Results show historical hurricane chronologies when combined with a history of cyclone tracks can provide new information about the older events not directly related to where the original information was gathered. When this new information is available for all cyclones it should help climatologists better understand long-term variations in tropical cyclone activity.

For more information see here.

A Climate Hurricane

A month after hackers broke into the CRU email server and released to the web email (it could have been a leak) correspondences between top climate researchers, what it all means is still being sorted.
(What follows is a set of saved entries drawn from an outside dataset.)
text \<open>Taylor's formula with integral remainder and the Lipschitz continuity of the p-th derivative
  give |f y - Omega_p(f,x;y)| <= L/(p+1)! ||y - x||^(p+1). With H = p L the tensor model therefore
  majorizes F, and its minimizer x' satisfies F x' <= F y + L/p! ||y - x||^(p+1) for every y.
  The iterates stay in the initial sublevel set, so ||x_k - x*|| <= D; testing with
  y = (1 - t) x_k + t x* and using convexity gives, for the gaps d_k = F x_k - F*,
  d_(k+1) <= (1 - t) d_k + (L D^(p+1) / p!) t^(p+1) for all t in [0, 1]. The choice t = 2p/k and
  Bernoulli's inequality turn this recurrence into the rate by induction on k.\<close>

lemma bnorm_nonneg:
  assumes "pos_def_op B"
  shows "0 \<le> bnorm B v"
proof (cases "v = 0")
  case True
  then show ?thesis
    using assms by (simp add: bnorm_def pos_def_op_def linear_0)
next
  case False
  then show ?thesis
    using assms by (auto simp: bnorm_def pos_def_op_def less_imp_le)
qed

lemma bnorm_eq_0_iff:
  assumes "pos_def_op B"
  shows "bnorm B v = 0 \<longleftrightarrow> v = 0"
  using assms by (auto simp: bnorm_def pos_def_op_def linear_0 dest: spec[of _ v])

lemma bnorm_scaleR:
  assumes "pos_def_op B"
  shows "bnorm B (c *\<^sub>R v) = \<bar>c\<bar> * bnorm B v"
proof -
  have "B (c *\<^sub>R v) = c *\<^sub>R B v"
    using assms by (simp add: pos_def_op_def linear_scale)
  then show ?thesis
    by (simp add: bnorm_def real_sqrt_mult power2_eq_square)
qed

lemma bnorm_minus_commute:
  assumes "pos_def_op B"
  shows "bnorm B (a - b) = bnorm B (b - a)"
  using bnorm_scaleR[OF assms, of "-1" "b - a"] by simp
It apparently had little influence on the Copenhagen Summit as world leaders had momentum going in as well as other issues to sift through.

It is tempting to see the affair (dubbed climategate) as a small tempest on the otherwise tranquil sea of climate research--damaging perhaps to the scientists involved but lacking broader impacts. That would be a mistake. Limited in scope, though certainly broadcast widely, it reveals a suspicion scientists harbor about the research process that rarely gets articulated to a wider audience.

In my opinion the most important repercussion concerns scientific integrity. Climategate demonstrates that scientists can be quick to dismiss research ideas when they threaten their own. This can be relatively benign as rejecting/accepting a paper without careful review (editor's decide using multiple reviews) or worse when failing to cite the relevant literature undermining an essential scientific commitment to evaluating ideas on intellectual merit. It assumes a certainty of methods and ideas of one's own that's counter to the essential self-skepticism of the scientific enterprise. And it can be insidious when the behavior is passed on to a generation of students.

In basic fields, like particle physics, consequences of this type of behavior might decay rather quickly. In climate science where multiple plausible explanations are the norm as evidence is based on observations (not controlled experiments) and theory is incomplete or lacking, consequences have a much slower decay rate. And in a field with policy relevance, this can have a negative impact on the enterprise of science and thus on society as a whole.

The enduring lesson should be greater scientific integrity. Read and cite the relevant literature, analyze the data with proper tools, acknowledge the underlying assumptions, create information-rich graphs, write clearly, and most importantly, explain why you might be wrong.